ENVIRONMENTAL CHANGES IN THE SOUTHERN CANADIAN ROCKIES FROM MULTIPLETREE RING PROXIES
WATSON, EMMA (1); LUCKMAN, BRIAN (2); PEDERSON, GREG, (3); AND WILSON, ROB (4)
(1) Climate Research Branch, Meteorological Service of Canada, Environment Canada, Ontario,
Canada, (2) Department of Geography, University of Western Ontario, London Ontario, Canada,
(3) U.S. Geological Survey – Northern Rocky Mountain Science Center - Glacier Field Station,
Glacier National Park, West Glacier, MT, and Big Sky Institute – Montana State University,
Bozeman, MT, (4) School of Geosciences, Grant Institute, Edinburgh University, Edinburgh,
United Kingdom
The varied topography and landscapes of the Canadian west afford a unique opportunity to
sample and develop tree-ring chronologies sensitive to different climate conditions from within
close proximity. They also provide multiple sources of proxy climate data at varying timescales
and resolution. This has allowed the development of a detailed history of climate and
environmental changes for the region and in this paper we discuss selected results from this
research. Initial work throughout the Rockies led to the development of a glacial history spanning
the last millennium based on tree-ring dating, lichenometry and 14C dating. Though by its nature
incomplete, biased and censored the glacial record provides a framework against which more
continuous proxy records may be validated. Dendroclimatic studies have now allowed the
reconstruction of changes in precipitation and temperature in the central Canadian Rockies. We
also present more recent work which has sought to examine variability in streamflow. The broad
network of moisture and temperature sensitive chronologies has allowed us to begin studying
more complex variables that integrate seasonal changes in precipitation and temperature.

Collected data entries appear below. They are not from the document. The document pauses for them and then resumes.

(* Let $R$ be a ring and $\Psi:R\to R$ a ring endomorphism. Then $R$ is NJ-symmetric if and only if the skew formal power series ring $R[[x,\Psi]]$ is NJ-symmetric.
   Context: Rings are associative with identity. $R[[x,\Psi]]$ consists of formal power series $\sum_{i\ge 0} r_i x^i$ with $r_i\in R$, with multiplication determined by $xr=\Psi(r)x$ for $r\in R$. $N(S)$ is the set of nilpotent elements, $J(S)$ the Jacobson radical of a ring $S$. $S$ is NJ-symmetric if for all $a,b,c\in S$, $abc\in N(S)$ implies $bac\in J(S)$. *)

theory Defs
  imports "HOL-Algebra.Ideal" "HOL-Algebra.RingHom"
begin

definition left_ideal :: "('a, 'b) ring_scheme \<Rightarrow> 'a set \<Rightarrow> bool" where
  "left_ideal S I \<longleftrightarrow> additive_subgroup I S \<and>
     (\<forall>r \<in> carrier S. \<forall>a \<in> I. r \<otimes>\<^bsub>S\<^esub> a \<in> I)"

definition maximal_left_ideal :: "('a, 'b) ring_scheme \<Rightarrow> 'a set \<Rightarrow> bool" where
  "maximal_left_ideal S M \<longleftrightarrow> left_ideal S M \<and> M \<noteq> carrier S \<and>
     (\<forall>L. left_ideal S L \<and> M \<subseteq> L \<longrightarrow> L = M \<or> L = carrier S)"

definition jacobson_radical :: "('a, 'b) ring_scheme \<Rightarrow> 'a set" where
  "jacobson_radical S = carrier S \<inter> \<Inter> {M. maximal_left_ideal S M}"

definition nilpotent_elems :: "('a, 'b) ring_scheme \<Rightarrow> 'a set" where
  "nilpotent_elems S = {a \<in> carrier S. \<exists>n::nat. a [^]\<^bsub>S\<^esub> n = \<zero>\<^bsub>S\<^esub>}"

definition NJ_symmetric :: "('a, 'b) ring_scheme \<Rightarrow> bool" where
  "NJ_symmetric S \<longleftrightarrow> (\<forall>a \<in> carrier S. \<forall>b \<in> carrier S. \<forall>c \<in> carrier S.
     a \<otimes>\<^bsub>S\<^esub> b \<otimes>\<^bsub>S\<^esub> c \<in> nilpotent_elems S \<longrightarrow>
     b \<otimes>\<^bsub>S\<^esub> a \<otimes>\<^bsub>S\<^esub> c \<in> jacobson_radical S)"

text \<open>The skew formal power series ring R[[x,Psi]]: a series sum f_i x^i is the
  coefficient function f; multiplication is determined by x r = Psi(r) x, so
  (f g)_n = sum_{i+j=n} f_i Psi^i(g_j).\<close>

definition skew_fps_ring :: "('a, 'b) ring_scheme \<Rightarrow> ('a \<Rightarrow> 'a) \<Rightarrow> (nat \<Rightarrow> 'a) ring" where
  "skew_fps_ring R \<Psi> =
    \<lparr> carrier = {f. \<forall>n. f n \<in> carrier R},
      mult = (\<lambda>f g. \<lambda>n. \<Oplus>\<^bsub>R\<^esub> i \<in> {..n}. f i \<otimes>\<^bsub>R\<^esub> (\<Psi> ^^ i) (g (n - i))),
      one = (\<lambda>n. if n = 0 then \<one>\<^bsub>R\<^esub> else \<zero>\<^bsub>R\<^esub>),
      zero = (\<lambda>n. \<zero>\<^bsub>R\<^esub>),
      add = (\<lambda>f g. \<lambda>n. f n \<oplus>\<^bsub>R\<^esub> g n) \<rparr>"

end

theory Submission
  imports Defs "HOL-Algebra.UnivPoly"
begin

text \<open>Taking constant terms is a ring homomorphism from R[[x,Psi]] onto R, split by the
  embedding of constant series. Its kernel lies in the Jacobson radical: if f has zero
  constant term then so has g f for every g, and 1 - g f has a left inverse whose
  coefficients are determined recursively. Consequently maximal left ideals of R[[x,Psi]]
  and of R correspond to each other, the Jacobson radical of R[[x,Psi]] is the preimage of
  that of R, and NJ-symmetry transfers in both directions: homomorphisms preserve
  nilpotency, and the splitting lifts a nilpotent product in R to one in R[[x,Psi]].\<close>

lemma jacobson_radical_iff:
  "x \<in> jacobson_radical S \<longleftrightarrow> x \<in> carrier S \<and> (\<forall>M. maximal_left_ideal S M \<longrightarrow> x \<in> M)"
  by (auto simp: jacobson_radical_def)

context ring
begin

lemma left_ideal_subset: "left_ideal R I \<Longrightarrow> I \<subseteq> carrier R"
  unfolding left_ideal_def by (intro additive_subgroup.a_subset) (elim conjE)

lemma left_ideal_zero: "left_ideal R I \<Longrightarrow> \<zero> \<in> I"
  unfolding left_ideal_def by (intro additive_subgroup.zero_closed) (elim conjE)

lemma left_ideal_add: "left_ideal R I \<Longrightarrow> a \<in> I \<Longrightarrow> b \<in> I \<Longrightarrow> a \<oplus> b \<in> I"
  unfolding left_ideal_def by (elim conjE, intro additive_subgroup.a_closed)

lemma left_ideal_a_inv: "left_ideal R I \<Longrightarrow> a \<in> I \<Longrightarrow> \<ominus> a \<in> I"
  unfolding left_ideal_def by (elim conjE, intro additive_subgroup.a_inv_closed)

lemma left_ideal_mult: "left_ideal R I \<Longrightarrow> r \<in> carrier R \<Longrightarrow> a \<in> I \<Longrightarrow> r \<otimes> a \<in> I"
  unfolding left_ideal_def by simp

lemma left_idealI:
  assumes "I \<subseteq> carrier R" "\<zero> \<in> I" "\<And>a b. a \<in> I \<Longrightarrow> b \<in> I \<Longrightarrow> a \<oplus> b \<in> I"
    "\<And>a. a \<in> I \<Longrightarrow> \<ominus> a \<in> I" "\<And>r a. r \<in> carrier R \<Longrightarrow> a \<in> I \<Longrightarrow> r \<otimes> a \<in> I"
  shows "left_ideal R I"
  unfolding left_ideal_def
proof (intro conjI ballI)
  show "additive_subgroup I R"
    by (intro additive_subgroupI subgroup.intro) (use assms in \<open>auto simp: a_inv_def\<close>)
qed (use assms in auto)

lemma left_ideal_eq_carrier:
  assumes I: "left_ideal R I" and one: "\<one> \<in> I"
  shows "I = carrier R"
proof
  show "carrier R \<subseteq> I"
    using left_ideal_mult[OF I _ one] by (metis r_one subsetI)
qed (rule left_ideal_subset[OF I])

lemma left_ideal_add_left_multiples:
  assumes M: "left_ideal R M" and k: "k \<in> carrier R"
  shows "left_ideal R {m \<oplus> s \<otimes> k | m s. m \<in> M \<and> s \<in> carrier R}" (is "left_ideal R ?L")
proof (rule left_idealI)
  have Mc: "M \<subseteq> carrier R" using M by (rule left_ideal_subset)
  show "?L \<subseteq> carrier R" using Mc k by auto
  show "\<zero> \<in> ?L"
    using left_ideal_zero[OF M] k by (intro CollectI exI[of _ \<zero>]) simp
  fix a b assume "a \<in> ?L" "b \<in> ?L"
  then obtain m s m' s' where m: "m \<in> M" "s \<in> carrier R" "a = m \<oplus> s \<otimes> k"
    and m': "m' \<in> M" "s' \<in> carrier R" "b = m' \<oplus> s' \<otimes> k" by blast
  have "a \<oplus> b = (m \<oplus> m') \<oplus> (s \<oplus> s') \<otimes> k"
    using m m' Mc k by (simp add: l_distr a_ac subsetD)
  then show "a \<oplus> b \<in> ?L" using m m' left_ideal_add[OF M] by blast
  have "\<ominus> a = (\<ominus> m) \<oplus> (\<ominus> s) \<otimes> k"
    using m Mc k by (simp add: minus_add l_minus subsetD)
  then show "\<ominus> a \<in> ?L" using m left_ideal_a_inv[OF M] by blast
  fix r assume r: "r \<in> carrier R"
  have "r \<otimes> a = (r \<otimes> m) \<oplus> (r \<otimes> s) \<otimes> k"
    using m Mc k r by (simp add: r_distr m_assoc subsetD)
  then show "r \<otimes> a \<in> ?L" using m r left_ideal_mult[OF M] by blast
qed

text \<open>An element k such that every 1 - s k has a left inverse lies in every maximal
  left ideal M: otherwise M + R k is the whole ring, so 1 = m + s k and m = 1 - s k
  would be a left unit inside M.\<close>

lemma left_quasi_regular_in_jacobson_radical:
  assumes k: "k \<in> carrier R"
    and inv: "\<And>s. s \<in> carrier R \<Longrightarrow> \<exists>u\<in>carrier R. u \<otimes> (\<one> \<ominus> s \<otimes> k) = \<one>"
  shows "k \<in> jacobson_radical R"
proof -
  have "k \<in> M" if "maximal_left_ideal R M" for M
  proof (rule ccontr)
    assume "k \<notin> M"
    have M: "left_ideal R M" "M \<noteq> carrier R"
      and max: "\<And>L. left_ideal R L \<Longrightarrow> M \<subseteq> L \<Longrightarrow> L = M \<or> L = carrier R"
      using that unfolding maximal_left_ideal_def by blast+
    have Mc: "M \<subseteq> carrier R" using M(1) by (rule left_ideal_subset)
    let ?L = "{m \<oplus> s \<otimes> k | m s. m \<in> M \<and> s \<in> carrier R}"
    have "m \<in> ?L" if "m \<in> M" for m
    proof -
      have "m = m \<oplus> \<zero> \<otimes> k" using that Mc k by auto
      then show ?thesis using that by blast
    qed
    then have "M \<subseteq> ?L" by blast
    moreover have "k \<in> ?L"
    proof -
      have "k = \<zero> \<oplus> \<one> \<otimes> k" using k by simp
      then show ?thesis using left_ideal_zero[OF M(1)] by blast
    qed
    ultimately have "?L \<noteq> M" "M \<subseteq> ?L" using \<open>k \<notin> M\<close> by blast+
    then have "?L = carrier R" using max[OF left_ideal_add_left_multiples[OF M(1) k]] by blast
    then have "\<one> \<in> ?L" by simp
    then obtain m s where m: "m \<in> M" and s: "s \<in> carrier R" and one: "\<one> = m \<oplus> s \<otimes> k"
      by blast
    have "m = \<one> \<ominus> s \<otimes> k"
      using one m Mc s k by (simp add: a_minus_def a_assoc r_neg subsetD)
    then obtain u where "u \<in> carrier R" "u \<otimes> m = \<one>" using inv[OF s] by blast
    then have "\<one> \<in> M" using left_ideal_mult[OF M(1) _ m] by metis
    then show False using left_ideal_eq_carrier[OF M(1)] M(2) by blast
  qed
  then show ?thesis using k unfolding jacobson_radical_def by blast
qed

Winter, summer and net mass balance reconstructions have been developed for Peyto Glacier in
Banff National Park, Alberta. These records are 322 yrs in length and offer a continuous insight
into glacier variability over the LIA that was not available previously. The net mass balance
reconstructions correspond well with the dated moraine record for the central Canadian Rockies
and indicate that prolonged periods of both wet winters and cool summers are required for glacier
advance. Periods of positive net balance generally correspond with or proceed terminal moraine
development in the region in the early 1700s and mid-19th century. Cumulative net mass balance
for Peyto Glacier is consistently negative after 1883. These mass balance reconstructions can be
compared with similar records developed for Glacier National Park further south and thereby
begin to address broader questions on the timing and scale of glacier advances of the past 300
years throughout this portion of the Rocky Mountains.